-- WHAT IS EXPECTED --
Across the listing below, count the lines holding "longlonglongrightarrow". State the number and nothing more.

-- MATERIAL PROVIDED --
(* Let $X$ be a real Hilbert space, let $A$ be a nonempty closed convex subset of $X$ and $B$ a closed affine subspace of $X$ (with $A\cap B$ possibly empty). Let $g:=P_{\overline{B-A}}\,0$ and assume $g\in B-A$, so that $E:=A\cap(B-g)$ and $F:=(A+g)\cap B$ are nonempty. Let $T:=\mathrm{Id}-P_A+P_BR_A$ and let $x\in X$. Then: (i) $(P_AT^nx)_{n\in\mathbb{N}}$ converges weakly to some point in $E$; (ii) $(P_BT^nx)_{n\in\mathbb{N}}$ converges weakly to some point in $F$.
   Context: For a nonempty closed convex set $C\subseteq X$, $P_C$ denotes the metric projection onto $C$ and $R_C:=2P_C-\mathrm{Id}$. $T$ is the Douglas–Rachford operator for the ordered pair $(A,B)$. $g$ is the element of minimal norm in the closure of $B-A=\{b-a:a\in A,b\in B\}$. *)

theory Defs
  imports "HOL-Analysis.Analysis"
begin

text \<open>Metric projection onto a set C (in a real Hilbert space): the unique nearest point.
  For nonempty closed convex C in a Hilbert space it exists and is unique.\<close>
definition proj :: "'a::{real_inner,complete_space} set \<Rightarrow> 'a \<Rightarrow> 'a" where
  "proj C x = (THE p. p \<in> C \<and> (\<forall>y\<in>C. norm (x - p) \<le> norm (x - y)))"

definition refl :: "'a::{real_inner,complete_space} set \<Rightarrow> 'a \<Rightarrow> 'a" where
  "refl C x = 2 *\<^sub>R proj C x - x"

definition DR :: "'a::{real_inner,complete_space} set \<Rightarrow> 'a set \<Rightarrow> 'a \<Rightarrow> 'a" where
  "DR A B x = x - proj A x + proj B (refl A x)"

definition weakly_conv :: "(nat \<Rightarrow> 'a::real_inner) \<Rightarrow> 'a \<Rightarrow> bool" where
  "weakly_conv s y \<longleftrightarrow> (\<forall>z. (\<lambda>n. inner (s n) z) \<longlonglongrightarrow> inner y z)"

end

theory Submission
  imports Defs "HOL-Library.Diagonal_Subsequence"
begin

(*
  Write T^n x = s_n + n g.  Each point e + t g with e in E = A \<inter> (B - g) and t \<ge> 0 is moved
  by T exactly one step along g, so firm nonexpansiveness of T makes (s_n) Fejer monotone with
  respect to E, and s_n - s_(n+1) \<rightarrow> 0.  As B is affine and g \<perp> B - B,
  P_B T^(n+1) x = P_B P_A T^n x = P_B s_(n+1), and the residual P_A T^n x + g - P_B T^(n+1) x
  is dominated by s_n - s_(n+1).  Hence b_n = P_B T^(n+1) x - g is bounded, its weak cluster
  points lie in E, and <b_n, u - v> converges for u, v in E because <s_n, u - v> does.
  Opial's argument makes b_n converge weakly to some e in E, so P_A T^n x \<rightharpoonup> e and
  P_B T^n x \<rightharpoonup> e + g.
*)

lemma minimizing_sequence_Cauchy:
  fixes C :: "'a::real_inner set"
  assumes "convex C" and cC: "\<And>n. c n \<in> C" and d: "\<And>y. y \<in> C \<Longrightarrow> d \<le> norm (x - y)^2"
    and cn: "\<And>n. norm (x - c n)^2 < d + 1 / Suc n"
  shows "Cauchy c"
proof (rule metric_CauchyI)
  have close: "norm (c m - c n)^2 \<le> 2 / Suc m + 2 / Suc n" for m n
  proof -
    have "(1/2) *\<^sub>R (c m + c n) \<in> C"
      using convexD[OF assms(1) cC cC, of "1/2" "1/2"] by (simp add: scaleR_right_distrib)
    then have "d \<le> norm (x - (1/2) *\<^sub>R (c m + c n))^2" by (rule d)
    moreover have "norm (c m - c n)^2 = 2 * norm (x - c m)^2 + 2 * norm (x - c n)^2
        - 4 * norm (x - (1/2) *\<^sub>R (c m + c n))^2"
      unfolding power2_norm_eq_inner
      by (simp add: inner_diff_left inner_diff_right inner_add_left inner_add_right inner_commute algebra_simps)
    ultimately show ?thesis using cn[of m] cn[of n] by simp
  qed
  fix e :: real assume "e > 0"
  obtain N :: nat where N: "4 / e^2 < N" using reals_Archimedean2 by blast
  have N_pos: "0 < real N" using N \<open>e > 0\<close> by (smt (verit) divide_pos_pos zero_less_power)
  show "\<exists>M. \<forall>m\<ge>M. \<forall>n\<ge>M. dist (c m) (c n) < e"
  proof (intro exI allI impI)
    fix m n assume "N \<le> m" "N \<le> n"
    then have "2 / Suc m \<le> 2 / N" "2 / Suc n \<le> 2 / N"
      using N_pos by (auto intro!: divide_left_mono)
    then have "norm (c m - c n)^2 \<le> 4 / N" using close[of m n] by simp
    also have "\<dots> < e^2" using N N_pos \<open>e > 0\<close> by (simp add: field_simps)
    finally show "dist (c m) (c n) < e"
      using \<open>e > 0\<close> by (simp add: dist_norm power_less_imp_less_base)
  qed
qed

lemma nearest_point_exists:
  fixes C :: "'a::{real_inner,complete_space} set"
  assumes "closed C" "convex C" "C \<noteq> {}"
  shows "\<exists>p\<in>C. \<forall>y\<in>C. norm (x - p) \<le> norm (x - y)"
proof -
  define d where "d = Inf ((\<lambda>y. norm (x - y)^2) ` C)"
  have d_le: "d \<le> norm (x - y)^2" if "y \<in> C" for y
    unfolding d_def by (rule cInf_lower) (use that in \<open>auto intro: bdd_belowI[of _ 0]\<close>)
  have "\<exists>c\<in>C. norm (x - c)^2 < d + 1 / Suc n" for n
    using cInf_lessD[of "(\<lambda>y. norm (x - y)^2) ` C" "d + 1 / Suc n"] assms(3)
    unfolding d_def by auto
  then obtain c where cC: "\<And>n. c n \<in> C" and cn: "\<And>n. norm (x - c n)^2 < d + 1 / Suc n"
    by metis
  obtain p where p: "c \<longlonglongrightarrow> p"
    using minimizing_sequence_Cauchy[OF assms(2) cC d_le cn] Cauchy_convergent_iff convergent_def
    by blast
  have "p \<in> C" using closed_sequentially[OF assms(1)] cC p by blast
  have "(\<lambda>n. norm (x - c n)^2) \<longlonglongrightarrow> norm (x - p)^2"
    by (intro tendsto_intros p)
  moreover have "(\<lambda>n. d + 1 / Suc n) \<longlonglongrightarrow> d + 0"
    using LIMSEQ_Suc[OF lim_const_over_n[of 1]] by (intro tendsto_add tendsto_const) simp
  ultimately have "norm (x - p)^2 \<le> d"
    using cn by (intro LIMSEQ_le[where X = "\<lambda>n. norm (x - c n)^2"]) (auto intro: less_imp_le)
  then have "norm (x - p) \<le> norm (x - y)" if "y \<in> C" for y
    using d_le[OF that] by (smt (verit) norm_ge_zero power2_le_imp_le)
  with \<open>p \<in> C\<close> show ?thesis by blast
qed

lemma nearest_point_iff_obtuse:
  fixes C :: "'a::real_inner set"
  assumes "convex C" "p \<in> C"
  shows "(\<forall>y\<in>C. norm (x - p) \<le> norm (x - y)) \<longleftrightarrow> (\<forall>y\<in>C. inner (x - p) (y - p) \<le> 0)"
proof
  assume min: "\<forall>y\<in>C. norm (x - p) \<le> norm (x - y)"
  show "\<forall>y\<in>C. inner (x - p) (y - p) \<le> 0"
  proof (rule ballI, rule ccontr)
    fix y assume "y \<in> C" and "\<not> inner (x - p) (y - p) \<le> 0"
    define s where "s = inner (x - p) (y - p)"
    define n where "n = norm (y - p)^2"
    have "s > 0" "n > 0" using \<open>\<not> _ \<le> 0\<close> unfolding s_def n_def by auto
    \<comment> \<open>a short step from p towards y decreases the distance to x\<close>
    define t where "t = min 1 (s / n)"
    have t: "0 < t" "t \<le> 1" "t * n \<le> s"
      using \<open>s > 0\<close> \<open>n > 0\<close> unfolding t_def by (auto simp: field_simps min_def)
    have "(1 - t) *\<^sub>R p + t *\<^sub>R y \<in> C" using convexD[OF assms(1,2) \<open>y \<in> C\<close>] t by auto
    then have "norm (x - p) \<le> norm (x - ((1 - t) *\<^sub>R p + t *\<^sub>R y))" using min by blast
    also have "x - ((1 - t) *\<^sub>R p + t *\<^sub>R y) = (x - p) - t *\<^sub>R (y - p)"
      by (simp add: algebra_simps)
    finally have "norm (x - p)^2 \<le> norm ((x - p) - t *\<^sub>R (y - p))^2" by (simp add: power_mono)
    also have "\<dots> = norm (x - p)^2 - 2 * t * s + t^2 * n"
      unfolding power2_norm_eq_inner s_def n_def
      by (simp add: inner_diff_left inner_diff_right inner_commute power2_eq_square algebra_simps)
    finally have "2 * s \<le> t * n" using t by (simp add: power2_eq_square algebra_simps)
    then show False using t \<open>s > 0\<close> by simp
  qed
next
  assume obtuse: "\<forall>y\<in>C. inner (x - p) (y - p) \<le> 0"
  show "\<forall>y\<in>C. norm (x - p) \<le> norm (x - y)"
  proof
    fix y assume "y \<in> C"
    have "norm (x - y)^2 = norm (x - p)^2 - 2 * inner (x - p) (y - p) + norm (y - p)^2"
      unfolding power2_norm_eq_inner
      by (simp add: inner_diff_left inner_diff_right inner_commute algebra_simps)
    then have "norm (x - p)^2 \<le> norm (x - y)^2" using obtuse \<open>y \<in> C\<close> by (smt (verit) zero_le_power2)
    then show "norm (x - p) \<le> norm (x - y)" using power2_le_imp_le norm_ge_zero by blast
  qed
qed

lemma obtuse_point_unique:
  fixes C :: "'a::real_inner set"
  assumes "p \<in> C" "q \<in> C"
    and "\<forall>y\<in>C. inner (x - p) (y - p) \<le> 0" "\<forall>y\<in>C. inner (x - q) (y - q) \<le> 0"
  shows "p = q"
proof -
  have "inner (x - p) (q - p) \<le> 0" "inner (x - q) (p - q) \<le> 0" using assms by auto
  then have "inner (q - p) (q - p) \<le> 0"
    by (simp add: inner_diff_left inner_diff_right inner_commute algebra_simps)
  then show ?thesis by (metis inner_eq_zero_iff eq_iff_diff_eq_0 inner_ge_zero order_antisym)
qed

lemma proj_obtuse_angle:
  fixes C :: "'a::{real_inner,complete_space} set"
  assumes "closed C" "convex C" "C \<noteq> {}"
  shows "proj C x \<in> C \<and> (\<forall>y\<in>C. inner (x - proj C x) (y - proj C x) \<le> 0)"
proof -
  have "\<exists>!p. p \<in> C \<and> (\<forall>y\<in>C. norm (x - p) \<le> norm (x - y))"
    using nearest_point_exists[OF assms] obtuse_point_unique nearest_point_iff_obtuse[OF assms(2)]
    by metis
  then have "proj C x \<in> C \<and> (\<forall>y\<in>C. norm (x - proj C x) \<le> norm (x - y))"
    unfolding proj_def by (rule theI')
  then show ?thesis using nearest_point_iff_obtuse[OF assms(2)] by blast
qed

lemma proj_in: "closed C \<Longrightarrow> convex C \<Longrightarrow> C \<noteq> {} \<Longrightarrow> proj C x \<in> C"
  using proj_obtuse_angle by blast

lemma proj_obtuse:
  "closed C \<Longrightarrow> convex C \<Longrightarrow> C \<noteq> {} \<Longrightarrow> y \<in> C \<Longrightarrow> inner (x - proj C x) (y - proj C x) \<le> 0"
  using proj_obtuse_angle by blast

lemma proj_le_dist:
  "closed C \<Longrightarrow> convex C \<Longrightarrow> C \<noteq> {} \<Longrightarrow> y \<in> C \<Longrightarrow> norm (x - proj C x) \<le> norm (x - y)"
  using proj_obtuse_angle nearest_point_iff_obtuse by metis

lemma proj_eqI:
  assumes "closed C" "convex C" "C \<noteq> {}" "p \<in> C" "\<forall>y\<in>C. inner (x - p) (y - p) \<le> 0"
  shows "proj C x = p"
  using obtuse_point_unique[of "proj C x" C p x] proj_obtuse_angle[OF assms(1-3), of x] assms(4,5)
  by blast

lemma proj_self: "closed C \<Longrightarrow> convex C \<Longrightarrow> y \<in> C \<Longrightarrow> proj C y = y"
  by (rule proj_eqI) auto

lemma proj_firmly_nonexpansive:
  assumes "closed C" "convex C" "C \<noteq> {}"
  shows "norm (proj C x - proj C y)^2 \<le> inner (proj C x - proj C y) (x - y)"
proof -
  have "inner (x - proj C x) (proj C y - proj C x) \<le> 0" "inner (y - proj C y) (proj C x - proj C y) \<le> 0"
    using proj_obtuse[OF assms] proj_in[OF assms] by auto
  then show ?thesis unfolding power2_norm_eq_inner
    by (simp add: inner_diff_left inner_diff_right inner_commute algebra_simps)
qed

lemma proj_nonexpansive:
  assumes "closed C" "convex C" "C \<noteq> {}"
  shows "norm (proj C x - proj C y) \<le> norm (x - y)"
proof -
  have "norm (proj C x - proj C y)^2 \<le> norm (proj C x - proj C y) * norm (x - y)"
    using proj_firmly_nonexpansive[OF assms, of x y] Cauchy_Schwarz_ineq2[of "proj C x - proj C y" "x - y"]
    by linarith
  then show ?thesis
    by (metis mult_le_cancel_left norm_ge_zero not_le power2_eq_square mult_zero_left order.trans)
qed

lemma refl_nonexpansive:
  assumes "closed C" "convex C" "C \<noteq> {}"
  shows "norm (refl C x - refl C y) \<le> norm (x - y)"
proof -
  have "norm (refl C x - refl C y)^2
      = 4 * norm (proj C x - proj C y)^2 - 4 * inner (proj C x - proj C y) (x - y) + norm (x - y)^2"
    unfolding refl_def power2_norm_eq_inner
    by (simp add: inner_diff_left inner_diff_right inner_commute algebra_simps)
  also have "\<dots> \<le> norm (x - y)^2" using proj_firmly_nonexpansive[OF assms, of x y] by simp
  finally show ?thesis using power2_le_imp_le norm_ge_zero by blast
qed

-- SOLUTION BELOW --
4